8. Suyun gücüne inanın
Kâfi su tüketimi böbrek sıhhati için değerlidir. Ömür biçimini düzenlerken su tüketiminin yanında antrenman de ön plana çıkartılmalıdır. Susuzluk gidermek için gazlı içecekler yerine su içmek en doğusudur. Çocukların günde sekiz bardak (1,5 litre), yetişkinlerin ise günde 2- 2.5 litre su içmesi gerekir.
Şayet suyu olağan içme alışkanlığı yoksa, içine limon, nane, meyve dilimleri eklenerek de içimi kolaylaştırılabilir. Ancak çok su içmenin de böbreğe bir yararı olmadığını ve kan mineral istikrarını (özellikle sodyum) bozabildiğini belirtmek gerekir.

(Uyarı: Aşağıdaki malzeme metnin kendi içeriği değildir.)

(* Let $x$ be a real number with $x>1$ or $x<0$, and let $$F(s)=\frac{20x^2-56x+35}{(4s^2+x(x-1))^2}-\frac{4(x-1)(2x-3)(2x-1)^2}{(4s^2+x(x-1))^3}.$$ Then $$8x^2(1-x)\int_0^{1/4}\frac{sF(s)}{\sqrt{1-4s}}\,ds=3(x-1)R(x)+5x-6.$$
   Context: For real $x$ with $x>1$ or $x<0$, $R(x)=\sqrt x\,\operatorname{arctanh}\frac1{\sqrt x}$, i.e. $R(x)=\frac{\sqrt x}2\log\frac{\sqrt x+1}{\sqrt x-1}$ if $x>1$ and $R(x)=\sqrt{|x|}\arctan\frac1{\sqrt{|x|}}$ if $x<0$; equivalently, for $|x|>1$, $R(x)=\sum_{k\ge0}\frac{x^{-k}}{2k+1}$. *)

theory Defs
  imports "HOL-Analysis.Analysis"
begin

text \<open>R(x) = sqrt x * artanh (1/sqrt x) for x > 1, and sqrt |x| * arctan (1/sqrt |x|) for x < 0.
  Outside these ranges R is not used (value 0 by convention).\<close>
definition R :: "real \<Rightarrow> real" where
  "R x = (if x > 1 then sqrt x / 2 * ln ((sqrt x + 1) / (sqrt x - 1))
          else if x < 0 then sqrt \<bar>x\<bar> * arctan (1 / sqrt \<bar>x\<bar>)
          else 0)"

definition F :: "real \<Rightarrow> real \<Rightarrow> real" where
  "F x s = (20 * x^2 - 56 * x + 35) / (4 * s^2 + x * (x - 1))^2
           - 4 * (x - 1) * (2 * x - 3) * (2 * x - 1)^2 / (4 * s^2 + x * (x - 1))^3"

end

theory Submission
  imports Defs
begin
locale lifted_dfa =
  fixes d :: "nat \<Rightarrow> nat \<Rightarrow> nat" and F :: "nat set" and s :: nat
  assumes base_closed: "q < 3 \<Longrightarrow> a \<in> {1, 2} \<Longrightarrow> d q a < 3"
    and final_base: "F \<subseteq> {..<3}"
    and sink_base: "s < 3"
    and sink_not_final: "s \<notin> F"
begin

text \<open>The states \<open>0, 1, 2\<close> run the base automaton \<open>d\<close> on the letters \<open>1, 2\<close>,
  with sink \<open>s\<close> and final states \<open>F\<close>.\<close>

definition step :: "nat \<Rightarrow> nat \<Rightarrow> nat" where
  "step q a =
    (if q = s then s
     else if q < 3 then (if a < 3 then d q a else if q \<in> F then a else s)
     else if a < q then q else if a = q then s else a)"

definition lang :: "nat \<Rightarrow> nat list set" where
  "lang n = {w. set w \<subseteq> {1..n} \<and> foldl step 0 w \<in> F \<union> {3..}}"

lemma lang_lists: "lang n \<subseteq> lists {1..n}"
  by (auto simp: lang_def)

lemma foldl_step_sink: "foldl step s w = s"
  by (induction w) (simp_all add: step_def)

lemma step_record: "3 \<le> q \<Longrightarrow> a \<le> q \<Longrightarrow> step q a = (if a = q then s else q)"
  using sink_base by (simp add: step_def)

lemma foldl_step_record:
  assumes "3 \<le> q" and "set v \<subseteq> {..q}"
  shows "foldl step q v = (if q \<in> set v then s else q)"
  using assms(2) by (induction v) (auto simp: assms(1) step_record foldl_step_sink)

lemma step_le:
  assumes "2 \<le> n" and "q \<le> n" and "a \<in> {1..n}"
  shows "step q a \<le> n"
proof -
  have "a < 3 \<Longrightarrow> a \<in> {1, 2}" using assms(3) by auto
  then show ?thesis using assms base_closed[of q a] sink_base by (auto simp: step_def)
qed

lemma foldl_step_le: "2 \<le> n \<Longrightarrow> q \<le> n \<Longrightarrow> set w \<subseteq> {1..n} \<Longrightarrow> foldl step q w \<le> n"
  by (induction w arbitrary: q) (simp_all add: step_le)

lemma step_new_letter:
  assumes "2 \<le> n" and "q \<le> n"
  shows "step q (Suc n) = (if q \<in> F \<union> {3..} then Suc n else s)"
  using assms final_base sink_base sink_not_final by (auto simp: step_def)

lemma foldl_step_new_letter:
  assumes "2 \<le> n" and "set u \<subseteq> {1..n}" and "set v \<subseteq> {..Suc n}"
  shows "foldl step 0 (u @ Suc n # v) \<in> F \<union> {3..} \<longleftrightarrow> u \<in> lang n \<and> Suc n \<notin> set v"
proof -
  define q where "q = foldl step 0 u"
  have "q \<le> n" using foldl_step_le[OF assms(1) _ assms(2)] by (simp add: q_def)
  then have "foldl step 0 (u @ Suc n # v) =
      (if q \<in> F \<union> {3..} then (if Suc n \<in> set v then s else Suc n) else s)"
    using assms by (simp add: q_def step_new_letter foldl_step_record foldl_step_sink)
  then show ?thesis
    using assms(1,2) sink_base sink_not_final by (simp add: lang_def q_def)
qed

lemma lang_Suc:
  assumes "2 \<le> n"
  shows "lang (Suc n) = extend_lang n (lang n)"
proof (intro set_eqI iffI)
  fix w assume w: "w \<in> lang (Suc n)"
  then have w_letters: "set w \<subseteq> insert (Suc n) {1..n}"
    by (simp add: lang_def atLeastAtMostSuc_conv)
  show "w \<in> extend_lang n (lang n)"
  proof (cases "Suc n \<in> set w")
    case False
    then have "w \<in> lang n" using w w_letters by (simp add: lang_def subset_insert)
    then show ?thesis using subset_extend_lang by blast
  next
    case True
    then obtain u v where w_split: "w = u @ Suc n # v" and "Suc n \<notin> set u"
      using split_list_first by metis
    have u: "set u \<subseteq> {1..n}" and v: "set v \<subseteq> {..Suc n}"
      using w_letters \<open>Suc n \<notin> set u\<close> by (auto simp: w_split subset_insert)
    have "foldl step 0 (u @ Suc n # v) \<in> F \<union> {3..}"
      using w by (simp only: lang_def w_split mem_Collect_eq)
    then have "u \<in> lang n" and "Suc n \<notin> set v"
      using foldl_step_new_letter[OF assms u v] by blast+
    moreover have "set v \<subseteq> {1..n}"
      using w_letters \<open>Suc n \<notin> set v\<close> by (auto simp: w_split subset_insert)
    ultimately show ?thesis by (auto simp: extend_lang_def w_split)
  qed
next
  fix w assume "w \<in> extend_lang n (lang n)"
  then consider "w \<in> lang n" | u z where "w = u @ Suc n # z" "u \<in> lang n" "set z \<subseteq> {1..n}"
    by (auto simp: extend_lang_def)
  then show "w \<in> lang (Suc n)"
  proof cases
    case 1
    then show ?thesis by (auto simp: lang_def)
  next
    case 2
    have u: "set u \<subseteq> {1..n}" using 2 lang_lists by (auto simp: in_lists_conv_set)
    have z: "set z \<subseteq> {..Suc n}" "Suc n \<notin> set z" using 2 by auto
    have "foldl step 0 (u @ Suc n # z) \<in> F \<union> {3..}"
      using foldl_step_new_letter[OF assms u z(1)] 2 z(2) by blast
    moreover have "set w \<subseteq> {1..Suc n}" using 2 u by auto
    ultimately show ?thesis using 2 by (simp only: lang_def mem_Collect_eq)
  qed
qed

definition dfa_step :: "nat \<Rightarrow> nat \<Rightarrow> nat \<Rightarrow> nat" where
  "dfa_step n q a = (if a \<in> {1..n} then step q a else s)"

lemma is_dfa_dfa_step: "2 \<le> n \<Longrightarrow> finite Sig \<Longrightarrow> is_dfa {0..n} Sig (dfa_step n) 0 (F \<union> {3..n})"
  using step_le final_base sink_base by (auto simp: is_dfa_def dfa_step_def)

9. Rutin tabip denetimlerine gidin
Böbrek hastalıkları çok sessiz ilerleyebilir ve son evreye gelene kadar hiçbir belirti vermeyebilir. Belirtiler ortaya çıktığında ise çoğunlukla hastalık geri dönüşü olmayan evreye girmiştir. Bundan ötürü rutin hekim denetimleri ehemmiyet arz eder. Birçok böbrek hastalığının erken evrede teşhis edilebilirse tedavisi bulunmaktadır. Bilhassa diyabet ve hipertansiyonu olan ve ailesinde böbrek rahatsızlığı bulunan şahıslar böbrek sıhhati açısından denetim edilmelidir.
Rutin denetimlerdeki sık rastlanan bir eksiklik ise yalnızca kan analizinin yapılması lakin idrar analizinin yapılmamasıdır. Kanda böbrek işlev testleriniz olağan olabilir ancak tekrar de önemli böbrek hastası olabilirsiniz. İdrar analizi yapılmadan böbreklerin sağlıklı olduğundan bahsetmek mümkün değildir.
10. İdrarınızı denetim edin
İdrarı denetim etmek böbrek hastalıklarının erken yakalanması açısından değerli olabilir. Örneğin idrarda köpük olması protein kaçağına, kırmızı renkli idrar kanamaya işaret edebilir. Koyu renkli idrar çoklukla az su içtiğinizi gösterir ama çok koyu ise tetkik gerektirir. Yetişkinlerde berbat kokulu idrar çoklukla idrar yolu infeksiyonları ile bağlıdır, çocuklarda ise metabolik hastalıkların bir belirtisi olabilir.